• **Your assignment**: Copy each line of the data below in which the word "forall" can be found.

===== Material to process

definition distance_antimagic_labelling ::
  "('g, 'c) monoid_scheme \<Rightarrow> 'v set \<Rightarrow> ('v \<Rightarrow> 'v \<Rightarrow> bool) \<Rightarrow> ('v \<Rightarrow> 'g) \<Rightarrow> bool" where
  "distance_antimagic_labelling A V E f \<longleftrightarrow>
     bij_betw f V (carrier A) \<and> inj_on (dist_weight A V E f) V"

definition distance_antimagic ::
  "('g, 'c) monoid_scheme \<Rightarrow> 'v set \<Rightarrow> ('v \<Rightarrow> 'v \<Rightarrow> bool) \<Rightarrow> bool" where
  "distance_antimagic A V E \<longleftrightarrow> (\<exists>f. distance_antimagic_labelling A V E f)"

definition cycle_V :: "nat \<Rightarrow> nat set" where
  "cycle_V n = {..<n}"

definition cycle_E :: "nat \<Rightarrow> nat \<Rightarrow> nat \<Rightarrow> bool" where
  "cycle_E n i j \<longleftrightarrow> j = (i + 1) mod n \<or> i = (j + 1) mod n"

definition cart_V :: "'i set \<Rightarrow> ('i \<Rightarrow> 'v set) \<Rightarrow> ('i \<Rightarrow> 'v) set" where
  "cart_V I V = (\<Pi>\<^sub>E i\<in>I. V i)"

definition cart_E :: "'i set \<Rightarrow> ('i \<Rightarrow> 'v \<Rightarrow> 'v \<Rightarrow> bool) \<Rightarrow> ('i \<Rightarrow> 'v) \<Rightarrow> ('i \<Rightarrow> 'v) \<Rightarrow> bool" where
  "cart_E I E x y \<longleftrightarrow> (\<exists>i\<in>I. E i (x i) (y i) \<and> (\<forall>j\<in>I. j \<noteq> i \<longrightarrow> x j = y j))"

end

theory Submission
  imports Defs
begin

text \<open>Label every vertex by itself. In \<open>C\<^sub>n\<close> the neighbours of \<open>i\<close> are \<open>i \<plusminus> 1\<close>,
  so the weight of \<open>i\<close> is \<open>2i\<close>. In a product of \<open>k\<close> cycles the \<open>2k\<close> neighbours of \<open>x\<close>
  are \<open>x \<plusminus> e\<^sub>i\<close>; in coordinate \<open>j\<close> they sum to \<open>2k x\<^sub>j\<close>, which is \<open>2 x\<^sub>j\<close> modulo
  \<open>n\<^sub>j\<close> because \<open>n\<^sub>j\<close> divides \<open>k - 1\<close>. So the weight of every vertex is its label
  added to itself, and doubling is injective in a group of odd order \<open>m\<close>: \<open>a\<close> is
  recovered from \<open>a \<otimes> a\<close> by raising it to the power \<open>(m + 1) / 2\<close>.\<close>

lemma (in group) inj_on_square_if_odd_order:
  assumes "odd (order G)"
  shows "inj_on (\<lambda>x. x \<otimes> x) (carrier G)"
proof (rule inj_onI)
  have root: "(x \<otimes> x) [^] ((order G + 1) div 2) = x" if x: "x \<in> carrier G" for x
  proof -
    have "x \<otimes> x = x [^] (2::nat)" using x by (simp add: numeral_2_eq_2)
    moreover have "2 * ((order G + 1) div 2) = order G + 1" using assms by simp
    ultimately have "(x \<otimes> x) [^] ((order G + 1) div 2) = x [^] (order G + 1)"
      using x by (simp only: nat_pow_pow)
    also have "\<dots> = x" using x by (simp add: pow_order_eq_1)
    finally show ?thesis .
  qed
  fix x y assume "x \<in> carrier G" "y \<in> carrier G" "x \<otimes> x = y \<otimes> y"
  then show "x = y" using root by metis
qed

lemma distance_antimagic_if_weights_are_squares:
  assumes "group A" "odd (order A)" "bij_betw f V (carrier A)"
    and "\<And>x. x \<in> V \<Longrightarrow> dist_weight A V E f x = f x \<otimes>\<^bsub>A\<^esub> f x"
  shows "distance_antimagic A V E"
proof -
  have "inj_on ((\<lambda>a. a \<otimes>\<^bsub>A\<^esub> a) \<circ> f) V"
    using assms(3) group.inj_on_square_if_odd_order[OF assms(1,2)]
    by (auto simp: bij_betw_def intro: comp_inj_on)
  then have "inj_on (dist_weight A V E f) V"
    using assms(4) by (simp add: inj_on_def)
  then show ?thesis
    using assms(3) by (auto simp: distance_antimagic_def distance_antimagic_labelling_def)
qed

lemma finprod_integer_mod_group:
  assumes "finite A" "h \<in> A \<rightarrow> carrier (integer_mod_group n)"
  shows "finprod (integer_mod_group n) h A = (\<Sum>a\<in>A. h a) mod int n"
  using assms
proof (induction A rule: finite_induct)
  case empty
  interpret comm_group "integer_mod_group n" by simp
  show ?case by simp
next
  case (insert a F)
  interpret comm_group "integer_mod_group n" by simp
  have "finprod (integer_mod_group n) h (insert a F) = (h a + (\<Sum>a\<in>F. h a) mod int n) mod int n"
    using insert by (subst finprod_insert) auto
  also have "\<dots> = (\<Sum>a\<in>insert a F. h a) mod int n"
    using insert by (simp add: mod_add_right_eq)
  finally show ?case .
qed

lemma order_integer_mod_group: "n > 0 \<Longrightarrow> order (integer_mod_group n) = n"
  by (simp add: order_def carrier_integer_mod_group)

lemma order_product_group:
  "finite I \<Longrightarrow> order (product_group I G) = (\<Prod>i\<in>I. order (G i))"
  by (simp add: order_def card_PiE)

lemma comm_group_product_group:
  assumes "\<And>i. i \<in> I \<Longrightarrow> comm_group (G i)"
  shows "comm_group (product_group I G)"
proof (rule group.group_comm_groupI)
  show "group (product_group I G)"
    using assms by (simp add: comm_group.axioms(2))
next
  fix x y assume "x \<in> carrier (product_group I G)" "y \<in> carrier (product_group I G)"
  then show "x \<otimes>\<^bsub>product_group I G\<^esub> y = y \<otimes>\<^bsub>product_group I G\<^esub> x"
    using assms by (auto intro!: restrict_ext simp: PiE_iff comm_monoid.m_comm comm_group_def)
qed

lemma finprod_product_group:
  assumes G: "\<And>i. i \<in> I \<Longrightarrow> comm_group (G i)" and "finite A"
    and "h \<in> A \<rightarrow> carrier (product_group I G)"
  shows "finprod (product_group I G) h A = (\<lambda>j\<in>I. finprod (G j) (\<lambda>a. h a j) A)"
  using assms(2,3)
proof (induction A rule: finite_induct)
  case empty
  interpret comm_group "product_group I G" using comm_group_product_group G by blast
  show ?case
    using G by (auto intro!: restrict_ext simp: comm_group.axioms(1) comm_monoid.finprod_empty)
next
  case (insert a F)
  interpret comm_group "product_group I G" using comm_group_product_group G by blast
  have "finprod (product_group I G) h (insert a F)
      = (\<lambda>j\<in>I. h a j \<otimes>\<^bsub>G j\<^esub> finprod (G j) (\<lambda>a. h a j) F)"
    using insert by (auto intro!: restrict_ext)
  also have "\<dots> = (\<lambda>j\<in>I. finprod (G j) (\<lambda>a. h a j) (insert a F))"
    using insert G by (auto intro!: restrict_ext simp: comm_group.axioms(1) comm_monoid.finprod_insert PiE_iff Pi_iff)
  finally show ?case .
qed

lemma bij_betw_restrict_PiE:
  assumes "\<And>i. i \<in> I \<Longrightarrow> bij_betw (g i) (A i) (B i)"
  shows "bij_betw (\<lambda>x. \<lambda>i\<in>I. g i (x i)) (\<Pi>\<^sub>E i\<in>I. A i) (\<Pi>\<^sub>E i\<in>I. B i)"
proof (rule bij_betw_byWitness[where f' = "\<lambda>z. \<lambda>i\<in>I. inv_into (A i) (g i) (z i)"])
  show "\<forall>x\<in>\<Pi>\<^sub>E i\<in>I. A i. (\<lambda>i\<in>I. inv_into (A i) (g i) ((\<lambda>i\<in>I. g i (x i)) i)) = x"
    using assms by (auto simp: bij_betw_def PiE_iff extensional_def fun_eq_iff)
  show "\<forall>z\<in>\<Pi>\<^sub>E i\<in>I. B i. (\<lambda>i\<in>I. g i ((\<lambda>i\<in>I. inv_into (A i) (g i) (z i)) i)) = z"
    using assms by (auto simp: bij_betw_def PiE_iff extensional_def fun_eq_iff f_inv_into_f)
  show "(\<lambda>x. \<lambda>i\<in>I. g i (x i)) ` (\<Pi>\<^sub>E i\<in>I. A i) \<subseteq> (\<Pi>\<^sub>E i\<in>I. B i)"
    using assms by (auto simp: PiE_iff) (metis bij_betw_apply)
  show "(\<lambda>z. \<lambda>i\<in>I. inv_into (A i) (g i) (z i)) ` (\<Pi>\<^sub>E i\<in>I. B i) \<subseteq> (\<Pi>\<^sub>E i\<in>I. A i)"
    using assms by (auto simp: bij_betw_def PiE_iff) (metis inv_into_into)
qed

==========

• **Reply to the exercise**:
  "cart_E I E x y \<longleftrightarrow> (\<exists>i\<in>I. E i (x i) (y i) \<and> (\<forall>j\<in>I. j \<noteq> i \<longrightarrow> x j = y j))"
  show "\<forall>x\<in>\<Pi>\<^sub>E i\<in>I. A i. (\<lambda>i\<in>I. inv_into (A i) (g i) ((\<lambda>i\<in>I. g i (x i)) i)) = x"
  show "\<forall>z\<in>\<Pi>\<^sub>E i\<in>I. B i. (\<lambda>i\<in>I. g i ((\<lambda>i\<in>I. inv_into (A i) (g i) (z i)) i)) = z"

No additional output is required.